I’ve received countless messages from women over the last couple of weeks, many of them victims of abuse, thanking me for the work that I am doing. Women sharing very intimate details of their lives and experiences who feel inspired by a message that acknowledges the humanity in something as upsetting and ugly as a perpetrator of abuse. Yes it is controversial but that is the purpose of art. So when people who label me an abuse apologist do so on the basis that they are speaking on behalf of victims then I do, gently, have to remind them that they do not speak for all victims.
Nobody can make such a claim.
I’ve seen domestic abuse. My subsequent life as a homeless, drug dependent alcoholic bore all of the hallmarks of trauma from that experience. I believe in certain circumstances I, myself, could have become an abuser. And if that had transpired then the prior causes would have been fairly obvious. While this does not explain the journey of every perpetrator it does increase our understanding of the complex, repetitious, nature of violence.

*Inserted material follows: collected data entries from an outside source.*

lemma higher_laguerre_op_x_laguerre_poly:
  "higher_laguerre_op \<alpha> (pCons 0 (laguerre_poly j (real \<alpha> + 2)))
     = smult (- pochhammer (real j + 1) (\<alpha> + 2)) (pCons 0 (laguerre_poly j (real \<alpha> + 2)))"
proof -
  have "monom 1 (\<alpha> + 1) * pCons 0 (laguerre_poly j (real \<alpha> + 2))
      = monom 1 (\<alpha> + 2) * laguerre_poly j (real (\<alpha> + 2))"
    by (simp add: poly_eq_poly_eq_iff[symmetric] fun_eq_iff poly_monom add_ac)
  then have D: "(pderiv ^^ (\<alpha> + 2)) (monom 1 (\<alpha> + 1) * pCons 0 (laguerre_poly j (real \<alpha> + 2)))
      = smult (pochhammer (real j + 1) (\<alpha> + 2)) (laguerre_poly j 0)"
    by (simp only: higher_pderiv_monom_mult_laguerre_poly)
  have E: "(twisted_pderiv ^^ (\<alpha> + 2)) (laguerre_poly j 0) = smult ((-1) ^ \<alpha>) (laguerre_poly j (real \<alpha> + 2))"
    by (simp only: higher_twisted_pderiv_laguerre_poly) (simp add: add_ac)
  have "(-1) ^ \<alpha> * (-1) ^ \<alpha> = (1::real)"
    by (simp flip: power_mult_distrib)
  then show ?thesis
    unfolding higher_laguerre_op_def D funpow_smult[OF twisted_pderiv_smult] E
    by (simp add: mult_ac)
qed

lemma higher_laguerre_op_laguerre_poly_expand:
  "higher_laguerre_op \<alpha> (laguerre_poly n (real \<alpha>)) = smult (pochhammer (real n + 1) \<alpha>)
     (smult (real \<alpha> + 2)
        (pCons 0 (pderiv (pderiv (laguerre_poly n (real \<alpha> + 1))) - pderiv (laguerre_poly n (real \<alpha> + 2))))
      - pCons 0 (pCons 0 (pderiv (pderiv (laguerre_poly n (real \<alpha> + 2))))))"
proof -
  define c where "c = pochhammer (real n + 1) \<alpha>"
  define f where "f = monom 1 \<alpha> * laguerre_poly n (real \<alpha>)"
  define u where "u = laguerre_poly n 0"
  have M: "monom 1 (\<alpha> + 1) * laguerre_poly n (real \<alpha>) = pCons 0 f"
    by (simp add: f_def monom_Suc mult_pCons_left)
  have Df: "(pderiv ^^ \<alpha>) f = smult c u"
    unfolding f_def c_def u_def by (rule higher_pderiv_monom_mult_laguerre_poly)
  have D: "(pderiv ^^ (\<alpha> + 2)) (pCons 0 f)
      = smult c (pCons 0 (pderiv (pderiv u)) + smult (real \<alpha> + 2) (pderiv u))"
    using higher_pderiv_pCons_zero[of "Suc \<alpha>" f]
    by (simp add: Df pderiv_smult) (simp add: poly_eq_poly_eq_iff[symmetric] fun_eq_iff algebra_simps)
  have E: "(twisted_pderiv ^^ k) u = smult ((-1) ^ k) (laguerre_poly n (real k))" for k
    unfolding u_def by (simp add: higher_twisted_pderiv_laguerre_poly)
  have ED: "(twisted_pderiv ^^ (\<alpha> + 2)) (pCons 0 (pderiv (pderiv u)) + smult (real \<alpha> + 2) (pderiv u))
      = pCons 0 ((twisted_pderiv ^^ (\<alpha> + 2)) (pderiv (pderiv u)))
        + smult (real \<alpha> + 2)
            ((twisted_pderiv ^^ (\<alpha> + 1)) (pderiv (pderiv u)) + (twisted_pderiv ^^ (\<alpha> + 2)) (pderiv u))"
    using higher_twisted_pderiv_pCons_zero[of "Suc \<alpha>" "pderiv (pderiv u)"]
    by (simp add: funpow_additive[OF twisted_pderiv_add] funpow_smult[OF twisted_pderiv_smult]
        smult_add_right add_ac del: funpow.simps)
  have sign: "(-1) ^ \<alpha> * ((-1) ^ \<alpha> * y) = (y::real)" for y
    by (simp flip: mult.assoc power_mult_distrib)
  show ?thesis
    unfolding higher_laguerre_op_def M D funpow_smult[OF twisted_pderiv_smult] ED higher_twisted_pderiv_pderiv E
      c_def[symmetric]
    by (simp add: pderiv_smult pderiv_minus sign poly_eq_poly_eq_iff[symmetric] fun_eq_iff algebra_simps)
qed

lemma higher_laguerre_op_laguerre_poly:
  "higher_laguerre_op \<alpha> (laguerre_poly (Suc j) (real \<alpha>))
     + smult (pochhammer (real (Suc j)) (\<alpha> + 2)) (laguerre_poly (Suc j) (real \<alpha>))
   = smult ((real \<alpha> + 1) * (real \<alpha> + 2) * pochhammer (real j + 2) \<alpha>) (laguerre_poly j (real \<alpha> + 2))"
proof -
  define a where "a = real \<alpha>"
  define n where "n = real j + 1"
  define c where "c = pochhammer (real j + 2) \<alpha>"
  have pochhammer_eq: "pochhammer (real (Suc j)) (\<alpha> + 2) = n * c * (n + a + 1)"
    using pochhammer_add_2[of "real j + 1" \<alpha>] by (simp add: n_def c_def a_def add_ac)
  have "poly (higher_laguerre_op \<alpha> (laguerre_poly (Suc j) a)) x
        + n * c * (n + a + 1) * poly (laguerre_poly (Suc j) a) x
      = (a + 1) * (a + 2) * c * poly (laguerre_poly j (a + 2)) x" for x
  proof -
    define A1 A2 A3 where "A1 = poly (laguerre_poly j (a + 1)) x"
      and "A2 = poly (laguerre_poly j (a + 2)) x" and "A3 = poly (laguerre_poly j (a + 3)) x"
    define B0 B1 B2 where "B0 = poly (laguerre_poly (Suc j) a) x"
      and "B1 = poly (laguerre_poly (Suc j) (a + 1)) x" and "B2 = poly (laguerre_poly (Suc j) (a + 2)) x"
    define C1 C2 where "C1 = poly (pderiv (pderiv (laguerre_poly (Suc j) (a + 1)))) x"
      and "C2 = poly (pderiv (pderiv (laguerre_poly (Suc j) (a + 2)))) x"
    have ode: "x * C1 - (a + 2 - x) * A2 + n * B1 = 0" "x * C2 - (a + 3 - x) * A3 + n * B2 = 0"
      using arg_cong[OF laguerre_poly_ode[of "a + 1" "Suc j"], of "\<lambda>p. poly p x"]
        arg_cong[OF laguerre_poly_ode[of "a + 2" "Suc j"], of "\<lambda>p. poly p x"]
      by (simp_all add: poly_laguerre_op pderiv_laguerre_poly A2_def A3_def B1_def B2_def C1_def C2_def n_def
          algebra_simps)
    have times_x: "x * A3 = (real j + a + 3) * A2 - n * B2" "x * A2 = (real j + a + 2) * A1 - n * B1"
      using arg_cong[OF laguerre_poly_times_x[of j "a + 2"], of "\<lambda>p. poly p x"]
        arg_cong[OF laguerre_poly_times_x[of j "a + 1"], of "\<lambda>p. poly p x"]
      by (simp_all add: A1_def A2_def A3_def B1_def B2_def n_def algebra_simps)
    have shift: "B2 = B1 + A2" "B1 = B0 + A1"
      using arg_cong[OF laguerre_poly_Suc_param[of j "a + 1"], of "\<lambda>p. poly p x"]
        arg_cong[OF laguerre_poly_Suc_param[of j a], of "\<lambda>p. poly p x"]
      by (simp_all add: A1_def A2_def B0_def B1_def B2_def add_ac)
    have "poly (higher_laguerre_op \<alpha> (laguerre_poly (Suc j) a)) x
        = c * ((a + 2) * (x * C1 + x * A3) - x * x * C2)"
      unfolding a_def higher_laguerre_op_laguerre_poly_expand
      by (simp add: C1_def C2_def A3_def c_def a_def pderiv_laguerre_poly add_ac algebra_simps)
    then have "poly (higher_laguerre_op \<alpha> (laguerre_poly (Suc j) a)) x + n * c * (n + a + 1) * B0
        = c * ((a + 2) * (x * C1 + x * A3) - x * x * C2 + n * (n + a + 1) * B0)"
      by (simp add: algebra_simps)
    also have "(a + 2) * (x * C1 + x * A3) - x * x * C2 + n * (n + a + 1) * B0 = (a + 1) * (a + 2) * A2"
      using ode times_x shift unfolding n_def by algebra
    finally show ?thesis
      by (simp add: A2_def B0_def ac_simps)
  qed
  then show ?thesis
    unfolding pochhammer_eq c_def[symmetric] by (simp add: poly_eq_poly_eq_iff[symmetric] fun_eq_iff a_def)
qed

And this will need to be confronted without fear or favour at some point or we consign ourselves to simply building more prisons where we rely on state violence to as a deterrent from a culture of violence.
If there is a gap in my knowledge – and I’m positive there is – then I simply beg you to educate and not condemn me. No one person, agency of public body will turn the tide of this terrible problem.
And neither of these can claim to exclusively comprehend the needs of the victims either.
It’s time we held our hands up and admitted we don’t know what to do about domestic abuse. Only with that humility, in the face of this horrendous problem, can we lower our defences sufficiently to let the light of understanding shine in.